**Required action**
Extract the lines that carry the string "changes" from the listing.

═══ Provided material

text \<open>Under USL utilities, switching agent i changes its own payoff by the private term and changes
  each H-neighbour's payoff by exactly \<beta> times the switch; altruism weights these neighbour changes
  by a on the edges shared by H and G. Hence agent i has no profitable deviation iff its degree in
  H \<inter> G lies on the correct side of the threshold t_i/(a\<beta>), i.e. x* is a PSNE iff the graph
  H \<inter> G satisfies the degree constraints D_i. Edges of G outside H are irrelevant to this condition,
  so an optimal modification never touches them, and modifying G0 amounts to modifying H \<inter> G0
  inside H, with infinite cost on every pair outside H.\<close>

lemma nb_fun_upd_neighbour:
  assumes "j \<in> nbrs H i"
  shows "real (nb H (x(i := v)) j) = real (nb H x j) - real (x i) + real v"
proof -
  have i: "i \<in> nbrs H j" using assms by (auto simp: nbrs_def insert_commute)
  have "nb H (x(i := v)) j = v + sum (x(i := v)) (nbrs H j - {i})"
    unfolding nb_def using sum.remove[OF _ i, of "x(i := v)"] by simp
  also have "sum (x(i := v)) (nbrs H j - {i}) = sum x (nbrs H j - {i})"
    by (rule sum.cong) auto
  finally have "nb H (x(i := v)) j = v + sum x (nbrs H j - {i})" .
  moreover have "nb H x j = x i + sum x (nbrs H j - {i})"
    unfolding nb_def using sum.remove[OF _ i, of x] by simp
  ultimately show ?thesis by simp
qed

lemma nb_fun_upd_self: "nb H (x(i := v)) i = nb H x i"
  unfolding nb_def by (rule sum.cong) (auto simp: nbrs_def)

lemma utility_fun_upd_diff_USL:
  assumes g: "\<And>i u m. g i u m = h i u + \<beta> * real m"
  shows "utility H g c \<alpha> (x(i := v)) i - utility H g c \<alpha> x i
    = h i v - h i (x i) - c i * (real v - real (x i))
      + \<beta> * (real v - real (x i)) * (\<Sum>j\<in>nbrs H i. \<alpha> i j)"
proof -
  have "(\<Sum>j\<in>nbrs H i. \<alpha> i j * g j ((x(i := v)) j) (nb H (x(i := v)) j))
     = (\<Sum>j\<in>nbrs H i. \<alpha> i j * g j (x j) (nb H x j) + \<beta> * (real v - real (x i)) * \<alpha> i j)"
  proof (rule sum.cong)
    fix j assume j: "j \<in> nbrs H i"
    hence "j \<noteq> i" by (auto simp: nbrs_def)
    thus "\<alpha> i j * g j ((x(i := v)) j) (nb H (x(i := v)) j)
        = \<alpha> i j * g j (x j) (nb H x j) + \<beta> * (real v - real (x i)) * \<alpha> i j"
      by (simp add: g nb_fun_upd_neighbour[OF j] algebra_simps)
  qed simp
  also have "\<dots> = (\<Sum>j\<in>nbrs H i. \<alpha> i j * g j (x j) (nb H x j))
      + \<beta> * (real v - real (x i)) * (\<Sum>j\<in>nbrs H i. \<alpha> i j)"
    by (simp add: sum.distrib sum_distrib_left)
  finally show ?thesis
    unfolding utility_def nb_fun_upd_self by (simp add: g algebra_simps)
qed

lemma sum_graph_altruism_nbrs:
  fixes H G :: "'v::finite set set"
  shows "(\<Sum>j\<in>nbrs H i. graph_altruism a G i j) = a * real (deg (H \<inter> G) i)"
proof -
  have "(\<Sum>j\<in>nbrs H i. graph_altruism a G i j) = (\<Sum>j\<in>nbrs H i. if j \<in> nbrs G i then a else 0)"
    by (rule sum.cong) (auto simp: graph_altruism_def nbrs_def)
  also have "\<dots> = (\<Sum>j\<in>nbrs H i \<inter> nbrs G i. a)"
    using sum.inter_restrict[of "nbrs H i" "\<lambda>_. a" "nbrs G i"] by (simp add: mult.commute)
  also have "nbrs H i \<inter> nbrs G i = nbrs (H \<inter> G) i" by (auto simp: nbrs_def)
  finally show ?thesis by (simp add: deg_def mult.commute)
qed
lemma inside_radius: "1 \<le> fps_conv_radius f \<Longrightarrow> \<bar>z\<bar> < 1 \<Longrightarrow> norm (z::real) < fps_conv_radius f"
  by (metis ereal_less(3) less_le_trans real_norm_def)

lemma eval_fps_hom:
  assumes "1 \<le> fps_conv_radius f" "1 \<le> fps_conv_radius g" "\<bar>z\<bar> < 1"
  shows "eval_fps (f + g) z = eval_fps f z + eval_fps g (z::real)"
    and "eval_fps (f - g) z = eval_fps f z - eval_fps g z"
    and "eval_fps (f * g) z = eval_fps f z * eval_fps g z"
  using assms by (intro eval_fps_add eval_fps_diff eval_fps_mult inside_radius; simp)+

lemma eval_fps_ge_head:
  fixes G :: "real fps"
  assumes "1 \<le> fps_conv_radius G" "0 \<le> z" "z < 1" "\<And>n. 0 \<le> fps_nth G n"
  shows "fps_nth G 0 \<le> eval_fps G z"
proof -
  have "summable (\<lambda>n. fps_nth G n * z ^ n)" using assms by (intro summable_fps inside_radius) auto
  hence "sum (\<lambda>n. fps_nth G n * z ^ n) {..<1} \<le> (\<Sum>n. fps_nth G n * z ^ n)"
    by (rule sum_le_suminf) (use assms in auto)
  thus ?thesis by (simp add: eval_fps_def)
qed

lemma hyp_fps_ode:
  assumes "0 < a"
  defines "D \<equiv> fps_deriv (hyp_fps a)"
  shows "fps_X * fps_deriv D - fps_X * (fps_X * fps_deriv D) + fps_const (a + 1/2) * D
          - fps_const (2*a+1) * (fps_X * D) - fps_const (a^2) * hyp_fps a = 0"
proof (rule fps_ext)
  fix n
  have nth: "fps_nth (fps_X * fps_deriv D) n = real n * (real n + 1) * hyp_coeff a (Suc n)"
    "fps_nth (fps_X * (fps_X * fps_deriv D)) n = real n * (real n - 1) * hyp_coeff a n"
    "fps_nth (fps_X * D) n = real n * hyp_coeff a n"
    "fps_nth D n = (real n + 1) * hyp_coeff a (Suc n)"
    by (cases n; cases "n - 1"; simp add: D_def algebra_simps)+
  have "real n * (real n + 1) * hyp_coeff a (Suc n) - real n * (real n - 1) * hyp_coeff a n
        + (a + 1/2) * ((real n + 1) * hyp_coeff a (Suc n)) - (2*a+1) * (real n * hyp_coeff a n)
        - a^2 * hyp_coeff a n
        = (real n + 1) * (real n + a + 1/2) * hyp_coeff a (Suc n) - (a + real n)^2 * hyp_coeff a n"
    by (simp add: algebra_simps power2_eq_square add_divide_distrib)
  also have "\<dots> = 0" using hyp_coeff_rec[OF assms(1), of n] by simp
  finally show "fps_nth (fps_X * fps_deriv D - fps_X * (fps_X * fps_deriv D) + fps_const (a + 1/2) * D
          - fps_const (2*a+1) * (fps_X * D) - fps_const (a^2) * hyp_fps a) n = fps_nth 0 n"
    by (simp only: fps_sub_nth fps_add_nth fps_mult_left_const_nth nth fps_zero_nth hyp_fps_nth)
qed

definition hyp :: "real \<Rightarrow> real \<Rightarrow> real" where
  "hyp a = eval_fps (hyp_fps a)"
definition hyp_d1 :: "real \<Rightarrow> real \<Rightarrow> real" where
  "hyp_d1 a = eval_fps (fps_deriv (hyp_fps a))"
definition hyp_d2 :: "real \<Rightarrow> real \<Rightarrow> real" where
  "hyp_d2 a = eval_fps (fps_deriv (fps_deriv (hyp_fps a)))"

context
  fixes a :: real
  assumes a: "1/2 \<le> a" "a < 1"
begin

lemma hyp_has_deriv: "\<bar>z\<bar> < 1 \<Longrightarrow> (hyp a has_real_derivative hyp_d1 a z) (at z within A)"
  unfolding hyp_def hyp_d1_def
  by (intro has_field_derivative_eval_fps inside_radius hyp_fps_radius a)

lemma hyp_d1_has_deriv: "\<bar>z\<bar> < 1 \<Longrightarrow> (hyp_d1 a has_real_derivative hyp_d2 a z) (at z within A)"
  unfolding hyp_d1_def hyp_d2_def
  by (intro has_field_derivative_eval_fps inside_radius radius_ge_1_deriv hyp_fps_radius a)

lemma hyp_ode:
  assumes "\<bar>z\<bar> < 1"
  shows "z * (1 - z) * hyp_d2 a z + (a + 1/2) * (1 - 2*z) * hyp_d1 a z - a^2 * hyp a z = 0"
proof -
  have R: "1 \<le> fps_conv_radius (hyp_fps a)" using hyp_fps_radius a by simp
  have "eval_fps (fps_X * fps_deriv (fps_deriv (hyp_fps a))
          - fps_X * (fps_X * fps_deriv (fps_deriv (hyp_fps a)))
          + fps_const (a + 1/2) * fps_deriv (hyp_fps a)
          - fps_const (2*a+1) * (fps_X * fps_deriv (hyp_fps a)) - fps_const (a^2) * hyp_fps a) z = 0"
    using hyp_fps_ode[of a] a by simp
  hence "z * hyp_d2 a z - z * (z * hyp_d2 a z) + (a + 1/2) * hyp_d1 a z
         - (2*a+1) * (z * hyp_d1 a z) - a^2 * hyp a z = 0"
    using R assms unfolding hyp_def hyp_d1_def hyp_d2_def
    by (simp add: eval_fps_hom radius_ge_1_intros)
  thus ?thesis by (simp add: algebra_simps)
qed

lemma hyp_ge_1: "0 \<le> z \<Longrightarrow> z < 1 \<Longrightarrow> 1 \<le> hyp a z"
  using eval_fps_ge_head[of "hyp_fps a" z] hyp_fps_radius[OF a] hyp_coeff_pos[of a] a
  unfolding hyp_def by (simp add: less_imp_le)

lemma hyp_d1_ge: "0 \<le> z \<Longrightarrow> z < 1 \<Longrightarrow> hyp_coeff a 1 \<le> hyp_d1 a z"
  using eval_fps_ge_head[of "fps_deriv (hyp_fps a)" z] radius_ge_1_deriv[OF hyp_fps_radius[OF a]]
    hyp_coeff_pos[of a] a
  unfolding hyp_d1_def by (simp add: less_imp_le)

══════

**Solution**
text \<open>Under USL utilities, switching agent i changes its own payoff by the private term and changes
  each H-neighbour's payoff by exactly \<beta> times the switch; altruism weights these neighbour changes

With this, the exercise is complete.